Imagine a voluntary severance scheme that gave part-time workers a disproportionately lower redundancy payment than full-time workers. Quite apart from potentially giving rise to a claim under the Part-time Workers (Prevention of Less Favourable Treatment) Regulations 2000 (SI 2000/1551), this would be likely to amount to indirect sex discrimination because women are more likely to work part time than men. Would the courts be likely to find that a policy of that sort was justified? Suppose the employer could show that it was easier to find part-time work following redundancy than full-time work; that those who worked full time were more likely to be the principal earner in the family; and that those working part time were more likely to have a partner's income to fall back on. It is hard to imagine any court or tribunal holding that those figures were sufficient to justify the discrimination. It is also hard to imagine an employer structuring a redundancy package around assumptions about the career ambitions and family circumstances of part-time workers.

Why then does a scheme that is based on age-related assumptions about employees attract such sympathy from the judiciary that they are prepared to find that any discrimination is justified?

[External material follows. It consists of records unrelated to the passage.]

(* If there exists a $1$-perfect code in $H(q+1,q)$, then the vertex set of $H(q,q)$ can be partitioned into distance-$2$ MDS codes $M^0,\dots,M^{q-1}$ such that each $M^i$ is a union of $q$ pairwise disjoint distance-$3$ MDS codes.
   Context: The Hamming graph $H(n,q)$ has vertex set $\mathbb{Z}_q^n$ with the Hamming distance $d$ (number of differing coordinates); vertices at distance $1$ are adjacent. A distance-$d$ MDS code in $H(n,q)$ is a set of $q^{n-d+1}$ vertices with pairwise Hamming distance at least $d$. A $1$-perfect code in $H(n,q)$ is a set $C$ of vertices such that every ball $\{y: d(x,y)\le1\}$ contains exactly one element of $C$. *)

theory Defs
  imports Main
begin

text \<open>Vertices of the Hamming graph H(n,q): words of length n over {0..q-1},
  represented as functions nat => nat that vanish outside {0..n-1}.\<close>
definition hvert :: "nat \<Rightarrow> nat \<Rightarrow> (nat \<Rightarrow> nat) set" where
  "hvert n q = {x. (\<forall>i<n. x i < q) \<and> (\<forall>i\<ge>n. x i = 0)}"

definition hdist :: "nat \<Rightarrow> (nat \<Rightarrow> nat) \<Rightarrow> (nat \<Rightarrow> nat) \<Rightarrow> nat" where
  "hdist n x y = card {i. i < n \<and> x i \<noteq> y i}"

definition mds_code :: "nat \<Rightarrow> nat \<Rightarrow> nat \<Rightarrow> (nat \<Rightarrow> nat) set \<Rightarrow> bool" where
  "mds_code n q d C \<longleftrightarrow> C \<subseteq> hvert n q \<and> finite C \<and> card C = q ^ (n + 1 - d)
     \<and> (\<forall>x\<in>C. \<forall>y\<in>C. x \<noteq> y \<longrightarrow> hdist n x y \<ge> d)"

I think there are two main reasons. The first is that age discrimination is a relatively new concept. It has been around for only approximately seven years, which in legal terms is quite a short time. Many of us can remember a time in our professional lives when age discrimination was perfectly lawful and scarcely even frowned on. Perhaps it simply takes some time for the cases to start reflecting a shift in attitudes so that age discrimination is regarded as inherently wrong and difficult to justify.

The other reason that age discrimination does not attract the same opprobrium as discrimination based on other characteristics may simply be that our age is always changing. Someone discriminated against for being too young will grow older. Someone discriminated against for being too old used to be young. Perhaps subconsciously the judiciary feel that, over the long term, it all evens out. As we move through life, we both suffer from and benefit from age discrimination in equal measure and that makes it less serious than discrimination based on characteristics that are more rigid and unchanging.

Over time, this attitude may shift. HR professionals from America or Australia - where age discrimination laws have been part of the landscape for much longer - are often taken aback by the casual way in which age discrimination is accepted as normal in the UK. As our outlook on age discrimination matures, we may look back on these early years of case law and be surprised ourselves.